(Entries taken from a collection)
┌────────

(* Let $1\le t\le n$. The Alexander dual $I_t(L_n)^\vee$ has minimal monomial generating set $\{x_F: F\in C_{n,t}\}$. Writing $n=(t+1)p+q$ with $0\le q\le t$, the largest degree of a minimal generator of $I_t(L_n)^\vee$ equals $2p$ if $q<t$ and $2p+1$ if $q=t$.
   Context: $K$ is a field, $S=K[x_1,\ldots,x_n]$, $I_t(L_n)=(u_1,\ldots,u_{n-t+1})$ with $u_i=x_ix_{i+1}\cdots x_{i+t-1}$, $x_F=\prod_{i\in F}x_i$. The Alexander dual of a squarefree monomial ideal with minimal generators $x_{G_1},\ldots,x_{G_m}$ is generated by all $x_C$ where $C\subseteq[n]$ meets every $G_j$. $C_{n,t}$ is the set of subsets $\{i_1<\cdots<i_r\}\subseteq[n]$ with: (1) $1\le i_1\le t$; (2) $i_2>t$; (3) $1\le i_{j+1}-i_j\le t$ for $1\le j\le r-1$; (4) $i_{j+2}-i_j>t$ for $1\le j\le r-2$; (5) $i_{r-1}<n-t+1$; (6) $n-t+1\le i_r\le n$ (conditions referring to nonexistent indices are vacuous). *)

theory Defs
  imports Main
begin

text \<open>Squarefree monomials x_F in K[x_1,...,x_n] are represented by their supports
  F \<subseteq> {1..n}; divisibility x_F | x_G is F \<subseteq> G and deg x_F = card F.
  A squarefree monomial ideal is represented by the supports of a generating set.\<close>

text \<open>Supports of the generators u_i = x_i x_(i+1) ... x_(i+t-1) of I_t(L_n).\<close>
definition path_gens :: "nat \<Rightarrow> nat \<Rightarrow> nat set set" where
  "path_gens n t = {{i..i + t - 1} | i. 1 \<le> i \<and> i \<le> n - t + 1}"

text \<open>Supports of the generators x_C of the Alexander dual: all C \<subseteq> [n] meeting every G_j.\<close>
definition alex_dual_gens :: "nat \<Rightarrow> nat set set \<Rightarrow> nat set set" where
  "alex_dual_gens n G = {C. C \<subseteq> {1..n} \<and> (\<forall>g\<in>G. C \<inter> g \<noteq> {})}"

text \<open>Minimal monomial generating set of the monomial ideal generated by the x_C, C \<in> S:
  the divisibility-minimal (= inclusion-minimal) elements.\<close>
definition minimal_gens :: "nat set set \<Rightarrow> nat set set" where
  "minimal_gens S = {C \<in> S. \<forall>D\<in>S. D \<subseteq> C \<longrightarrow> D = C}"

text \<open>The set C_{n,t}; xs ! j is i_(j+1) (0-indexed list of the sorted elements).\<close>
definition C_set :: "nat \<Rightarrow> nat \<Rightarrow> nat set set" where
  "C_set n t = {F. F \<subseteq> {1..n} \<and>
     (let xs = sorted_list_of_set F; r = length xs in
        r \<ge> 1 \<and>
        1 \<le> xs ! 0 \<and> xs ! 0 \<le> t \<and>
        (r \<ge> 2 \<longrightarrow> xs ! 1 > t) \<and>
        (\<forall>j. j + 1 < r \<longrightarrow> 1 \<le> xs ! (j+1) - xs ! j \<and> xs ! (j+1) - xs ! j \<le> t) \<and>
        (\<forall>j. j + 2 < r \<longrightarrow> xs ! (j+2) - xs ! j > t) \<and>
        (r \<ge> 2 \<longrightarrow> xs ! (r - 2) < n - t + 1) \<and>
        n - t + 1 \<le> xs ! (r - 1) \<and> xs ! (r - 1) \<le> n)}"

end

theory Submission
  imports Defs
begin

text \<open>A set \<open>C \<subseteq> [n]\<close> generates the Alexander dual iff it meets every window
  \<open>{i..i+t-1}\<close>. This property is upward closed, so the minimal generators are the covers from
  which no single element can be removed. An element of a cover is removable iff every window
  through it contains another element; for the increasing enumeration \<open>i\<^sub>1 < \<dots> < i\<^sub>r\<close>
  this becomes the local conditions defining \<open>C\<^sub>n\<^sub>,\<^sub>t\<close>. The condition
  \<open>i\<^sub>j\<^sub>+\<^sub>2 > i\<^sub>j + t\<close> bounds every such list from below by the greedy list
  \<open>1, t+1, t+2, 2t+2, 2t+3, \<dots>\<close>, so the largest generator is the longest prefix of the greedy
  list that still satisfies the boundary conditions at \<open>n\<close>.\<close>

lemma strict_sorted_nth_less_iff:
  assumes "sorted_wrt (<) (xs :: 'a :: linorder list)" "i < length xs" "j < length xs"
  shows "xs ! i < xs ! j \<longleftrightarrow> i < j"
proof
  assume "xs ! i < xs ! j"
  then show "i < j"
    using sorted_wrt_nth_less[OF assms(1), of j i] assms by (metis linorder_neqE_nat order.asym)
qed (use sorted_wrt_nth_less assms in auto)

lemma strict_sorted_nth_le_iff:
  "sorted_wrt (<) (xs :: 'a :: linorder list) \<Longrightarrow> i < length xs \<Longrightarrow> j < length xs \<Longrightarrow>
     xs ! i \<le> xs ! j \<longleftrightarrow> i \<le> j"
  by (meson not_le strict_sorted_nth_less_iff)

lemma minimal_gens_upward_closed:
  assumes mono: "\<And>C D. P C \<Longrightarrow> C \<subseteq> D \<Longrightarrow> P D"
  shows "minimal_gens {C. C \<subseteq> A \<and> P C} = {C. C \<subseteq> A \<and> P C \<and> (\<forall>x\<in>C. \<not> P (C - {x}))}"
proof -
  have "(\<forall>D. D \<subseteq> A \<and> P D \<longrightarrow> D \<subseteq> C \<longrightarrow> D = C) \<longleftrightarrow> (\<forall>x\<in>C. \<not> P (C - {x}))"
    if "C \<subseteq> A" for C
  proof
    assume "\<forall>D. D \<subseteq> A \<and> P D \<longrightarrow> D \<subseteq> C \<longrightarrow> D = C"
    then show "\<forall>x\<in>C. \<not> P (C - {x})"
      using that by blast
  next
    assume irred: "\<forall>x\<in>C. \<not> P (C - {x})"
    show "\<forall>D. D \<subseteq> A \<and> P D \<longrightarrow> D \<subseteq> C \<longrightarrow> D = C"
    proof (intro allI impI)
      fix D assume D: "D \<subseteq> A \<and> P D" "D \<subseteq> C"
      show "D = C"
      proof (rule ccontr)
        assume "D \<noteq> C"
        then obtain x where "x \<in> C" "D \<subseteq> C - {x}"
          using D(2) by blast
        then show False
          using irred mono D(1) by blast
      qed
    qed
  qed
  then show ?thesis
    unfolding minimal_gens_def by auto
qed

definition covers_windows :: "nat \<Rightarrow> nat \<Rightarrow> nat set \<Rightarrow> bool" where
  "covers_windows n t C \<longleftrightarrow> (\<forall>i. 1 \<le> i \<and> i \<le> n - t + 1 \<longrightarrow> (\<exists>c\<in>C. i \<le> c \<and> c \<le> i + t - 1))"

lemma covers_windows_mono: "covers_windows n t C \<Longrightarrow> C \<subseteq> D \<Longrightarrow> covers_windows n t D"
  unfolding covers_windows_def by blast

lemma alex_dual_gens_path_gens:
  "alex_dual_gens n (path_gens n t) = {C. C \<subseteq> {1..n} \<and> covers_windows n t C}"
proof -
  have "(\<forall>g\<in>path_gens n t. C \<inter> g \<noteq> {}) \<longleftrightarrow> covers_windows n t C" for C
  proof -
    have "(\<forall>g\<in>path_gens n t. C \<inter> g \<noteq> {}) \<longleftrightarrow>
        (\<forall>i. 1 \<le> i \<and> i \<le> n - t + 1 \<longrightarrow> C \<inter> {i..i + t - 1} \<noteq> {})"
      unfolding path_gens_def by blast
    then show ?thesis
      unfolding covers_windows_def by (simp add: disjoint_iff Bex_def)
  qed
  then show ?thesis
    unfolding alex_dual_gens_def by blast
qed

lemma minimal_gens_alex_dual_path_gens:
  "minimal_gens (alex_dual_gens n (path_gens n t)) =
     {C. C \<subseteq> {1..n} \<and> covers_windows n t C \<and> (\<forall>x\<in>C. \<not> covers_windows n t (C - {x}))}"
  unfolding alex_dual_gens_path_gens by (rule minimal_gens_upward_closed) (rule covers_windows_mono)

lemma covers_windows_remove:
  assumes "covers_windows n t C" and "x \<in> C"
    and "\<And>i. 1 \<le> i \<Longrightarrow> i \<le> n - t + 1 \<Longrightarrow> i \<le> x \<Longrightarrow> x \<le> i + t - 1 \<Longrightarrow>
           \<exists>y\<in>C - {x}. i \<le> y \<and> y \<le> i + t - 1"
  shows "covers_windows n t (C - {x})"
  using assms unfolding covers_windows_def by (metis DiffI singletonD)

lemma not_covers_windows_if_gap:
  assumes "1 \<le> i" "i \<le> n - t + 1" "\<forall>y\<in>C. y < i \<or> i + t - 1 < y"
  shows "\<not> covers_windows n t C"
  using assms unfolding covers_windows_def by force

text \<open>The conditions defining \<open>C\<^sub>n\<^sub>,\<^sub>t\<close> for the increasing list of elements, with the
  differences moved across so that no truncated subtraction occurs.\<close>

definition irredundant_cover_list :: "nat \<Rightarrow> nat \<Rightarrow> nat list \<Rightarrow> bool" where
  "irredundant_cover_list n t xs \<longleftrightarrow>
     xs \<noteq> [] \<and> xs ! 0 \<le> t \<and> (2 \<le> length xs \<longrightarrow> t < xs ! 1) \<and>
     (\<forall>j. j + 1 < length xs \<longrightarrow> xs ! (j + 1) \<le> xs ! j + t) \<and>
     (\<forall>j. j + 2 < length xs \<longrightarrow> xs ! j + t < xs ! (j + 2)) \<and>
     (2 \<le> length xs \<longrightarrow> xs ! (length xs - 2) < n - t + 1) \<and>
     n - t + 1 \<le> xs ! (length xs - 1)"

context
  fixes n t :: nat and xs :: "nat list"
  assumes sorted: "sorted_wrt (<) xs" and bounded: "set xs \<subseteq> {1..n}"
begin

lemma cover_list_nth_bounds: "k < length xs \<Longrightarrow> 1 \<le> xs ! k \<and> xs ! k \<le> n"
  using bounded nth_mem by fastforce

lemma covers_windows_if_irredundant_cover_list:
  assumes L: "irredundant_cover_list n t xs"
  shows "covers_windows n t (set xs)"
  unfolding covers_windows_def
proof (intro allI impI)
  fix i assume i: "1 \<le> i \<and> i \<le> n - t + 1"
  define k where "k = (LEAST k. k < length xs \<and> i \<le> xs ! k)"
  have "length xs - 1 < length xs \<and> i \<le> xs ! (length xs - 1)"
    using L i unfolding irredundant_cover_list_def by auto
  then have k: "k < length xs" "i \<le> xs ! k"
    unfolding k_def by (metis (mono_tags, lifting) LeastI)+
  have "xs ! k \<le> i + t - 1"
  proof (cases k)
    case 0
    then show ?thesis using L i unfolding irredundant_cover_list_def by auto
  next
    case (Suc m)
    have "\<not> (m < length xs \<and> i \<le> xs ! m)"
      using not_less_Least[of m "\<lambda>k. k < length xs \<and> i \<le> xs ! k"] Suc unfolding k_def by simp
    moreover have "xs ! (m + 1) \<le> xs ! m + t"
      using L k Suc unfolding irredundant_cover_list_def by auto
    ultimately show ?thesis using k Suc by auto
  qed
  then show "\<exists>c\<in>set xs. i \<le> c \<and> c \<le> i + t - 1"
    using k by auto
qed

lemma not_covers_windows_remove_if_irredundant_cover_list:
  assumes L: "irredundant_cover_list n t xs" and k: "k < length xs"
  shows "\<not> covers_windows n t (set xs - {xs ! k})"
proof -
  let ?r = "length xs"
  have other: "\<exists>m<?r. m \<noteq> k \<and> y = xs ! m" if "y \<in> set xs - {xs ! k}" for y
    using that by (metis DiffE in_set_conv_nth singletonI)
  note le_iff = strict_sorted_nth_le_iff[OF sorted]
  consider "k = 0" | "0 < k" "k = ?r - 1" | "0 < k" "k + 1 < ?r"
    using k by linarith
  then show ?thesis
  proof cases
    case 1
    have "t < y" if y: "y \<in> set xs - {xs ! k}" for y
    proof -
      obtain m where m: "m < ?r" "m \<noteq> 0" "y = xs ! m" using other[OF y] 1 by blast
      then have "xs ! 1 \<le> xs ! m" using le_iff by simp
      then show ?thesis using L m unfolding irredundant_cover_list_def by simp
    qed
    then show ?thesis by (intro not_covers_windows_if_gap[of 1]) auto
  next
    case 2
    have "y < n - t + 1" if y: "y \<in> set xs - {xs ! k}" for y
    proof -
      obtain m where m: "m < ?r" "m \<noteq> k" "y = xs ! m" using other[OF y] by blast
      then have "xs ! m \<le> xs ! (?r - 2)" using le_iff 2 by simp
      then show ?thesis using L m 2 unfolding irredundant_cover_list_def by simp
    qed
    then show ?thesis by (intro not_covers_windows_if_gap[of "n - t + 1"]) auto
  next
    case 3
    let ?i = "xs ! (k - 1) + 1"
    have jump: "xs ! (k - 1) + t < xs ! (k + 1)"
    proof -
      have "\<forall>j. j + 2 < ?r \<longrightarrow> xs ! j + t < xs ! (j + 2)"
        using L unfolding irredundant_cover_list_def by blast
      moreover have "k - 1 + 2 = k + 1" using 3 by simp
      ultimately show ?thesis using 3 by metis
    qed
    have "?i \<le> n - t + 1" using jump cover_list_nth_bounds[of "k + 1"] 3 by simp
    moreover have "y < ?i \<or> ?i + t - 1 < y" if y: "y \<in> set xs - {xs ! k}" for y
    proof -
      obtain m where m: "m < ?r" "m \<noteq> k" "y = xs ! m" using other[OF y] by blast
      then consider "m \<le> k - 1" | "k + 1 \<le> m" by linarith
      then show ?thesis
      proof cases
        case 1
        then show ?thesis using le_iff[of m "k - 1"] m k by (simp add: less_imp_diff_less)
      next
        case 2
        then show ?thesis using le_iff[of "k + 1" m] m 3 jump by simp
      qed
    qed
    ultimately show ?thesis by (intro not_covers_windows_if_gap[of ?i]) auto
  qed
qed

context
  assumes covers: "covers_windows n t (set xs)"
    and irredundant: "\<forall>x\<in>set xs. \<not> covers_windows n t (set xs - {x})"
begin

└────────

WHAT IS EXPECTED:
Please transcribe exactly the lines above from the line that has "define k where" up to and including the line that has "(m < length"; no other line belongs in the answer.

SOLUTION:
  define k where "k = (LEAST k. k < length xs \<and> i \<le> xs ! k)"
  have "length xs - 1 < length xs \<and> i \<le> xs ! (length xs - 1)"
    using L i unfolding irredundant_cover_list_def by auto
  then have k: "k < length xs" "i \<le> xs ! k"
    unfolding k_def by (metis (mono_tags, lifting) LeastI)+
  have "xs ! k \<le> i + t - 1"
  proof (cases k)
    case 0
    then show ?thesis using L i unfolding irredundant_cover_list_def by auto
  next
    case (Suc m)
    have "\<not> (m < length xs \<and> i \<le> xs ! m)"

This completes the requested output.